EXERCISE REQUIREMENTS:
Please check every line of the listing for "define" and copy each line where it is found.

——————

(* Let $G$ be a finite group and let $S,S'$ be two partial rainbows on $G$ with $\langle S\rangle=\langle S'\rangle$. Then for each arrow $(K,H)\in S$ there exists $g\in G$ such that $(gKg^{-1},gHg^{-1})\in S'$.
   Context: For a finite group $G$, an arrow is a pair $(K,H)$ of subgroups with $K\leqslant H$; it is an identity arrow if $K=H$. A $G$-transfer system is a set of arrows containing all identity arrows and closed under composition ($(A,B),(B,C)\Rightarrow(A,C)$), conjugation ($(A,B)\Rightarrow(gAg^{-1},gBg^{-1})$ for $g\in G$) and restriction ($(A,B)$ and $L\leqslant B\Rightarrow(A\cap L,L)$). For a set $S$ of non-identity arrows, $\langle S\rangle$ is the smallest transfer system containing $S$. For a subgroup $K$, $P(K)$ denotes the sum of the exponents in the prime factorization of $|K|$. A rainbow on $\mathbb{N}$ is a finite set of pairs $\{(a_i,b_i)\}_{0\leqslant i\leqslant k}$ of natural numbers such that $i<j$ implies $a_i<a_j<b_j<b_i$. A partial rainbow on $G$ is a set $S$ of non-identity arrows such that (1) the set $\{(P(K),P(H)) : (K,H)\in S\}$ is a rainbow, and (2) for any $g\in G$ and $(K,H)\in S$, if $(gKg^{-1},gHg^{-1})\neq(K,H)$ then $(gKg^{-1},gHg^{-1})\notin S$. *)

theory Defs
  imports "HOL-Algebra.Group" "HOL-Computational_Algebra.Primes"
begin
lemma lazarevic_inequality:
  fixes y :: real
  assumes "y \<ge> 0"
  shows "y^3 * cosh y \<le> sinh y ^ 3"
proof -
  define K :: "real \<Rightarrow> real" where "K y = sinh y * cosh y powr (-1/3) - y" for y
  have "K 0 \<le> K y"
    using DERIV_nonneg_imp_nondecreasing[OF assms, of K] has_real_derivative_sinh_mult_cosh_powr
    unfolding K_def by force
  define p where "p = cosh y powr (-1/3)"
  then have "y \<le> sinh y * p" using \<open>K 0 \<le> K y\<close> unfolding K_def by simp
  then have "y^3 * cosh y \<le> (sinh y * p)^3 * cosh y"
    using assms by (intro mult_right_mono power_mono) auto
  also have "\<dots> = sinh y ^ 3" using cosh_powr_cube[of y] unfolding p_def by (simp add: power_mult_distrib)
  finally show ?thesis .
qed

lemma has_real_derivative_ln_cosh_gap:
  fixes y :: real
  assumes "y > 0"
  shows "((\<lambda>y. ln (cosh y) - y^2 * sinh y / (sinh y + y * cosh y)) has_real_derivative
           (sinh y ^ 3 - y^3 * cosh y) / (cosh y * (sinh y + y * cosh y)^2)) (at y)"
proof -
  define D where "D = sinh y + y * cosh y"
  define N' where "N' = (2 * y * sinh y + y^2 * cosh y) * D - y^2 * sinh y * (2 * cosh y + y * sinh y)"
  have "D > 0" unfolding D_def using assms by (simp add: add_pos_pos)
  have "((\<lambda>y. ln (cosh y) - y^2 * sinh y / (sinh y + y * cosh y)) has_real_derivative
      sinh y / cosh y - N' / D^2) (at y)"
    unfolding N'_def D_def
    by (rule derivative_eq_intros refl | use \<open>D > 0\<close> in \<open>simp add: D_def; fail\<close>)+
      (use \<open>D > 0\<close> in \<open>simp add: D_def power2_eq_square algebra_simps\<close>)
  moreover have "sinh y / cosh y - N' / D^2 = (sinh y * D^2 - cosh y * N') / (cosh y * D^2)"
    using \<open>D > 0\<close> by (simp add: field_simps)
  moreover have "sinh y * D^2 - cosh y * N' = sinh y ^ 3 - y^3 * cosh y * (cosh y^2 - sinh y^2)"
    unfolding N'_def D_def by algebra
  ultimately show ?thesis unfolding D_def hyperbolic_pythagoras by simp
qed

——————

WRITTEN SOLUTION:
  define K :: "real \<Rightarrow> real" where "K y = sinh y * cosh y powr (-1/3) - y" for y
  define p where "p = cosh y powr (-1/3)"
  define D where "D = sinh y + y * cosh y"
  define N' where "N' = (2 * y * sinh y + y^2 * cosh y) * D - y^2 * sinh y * (2 * cosh y + y * sinh y)"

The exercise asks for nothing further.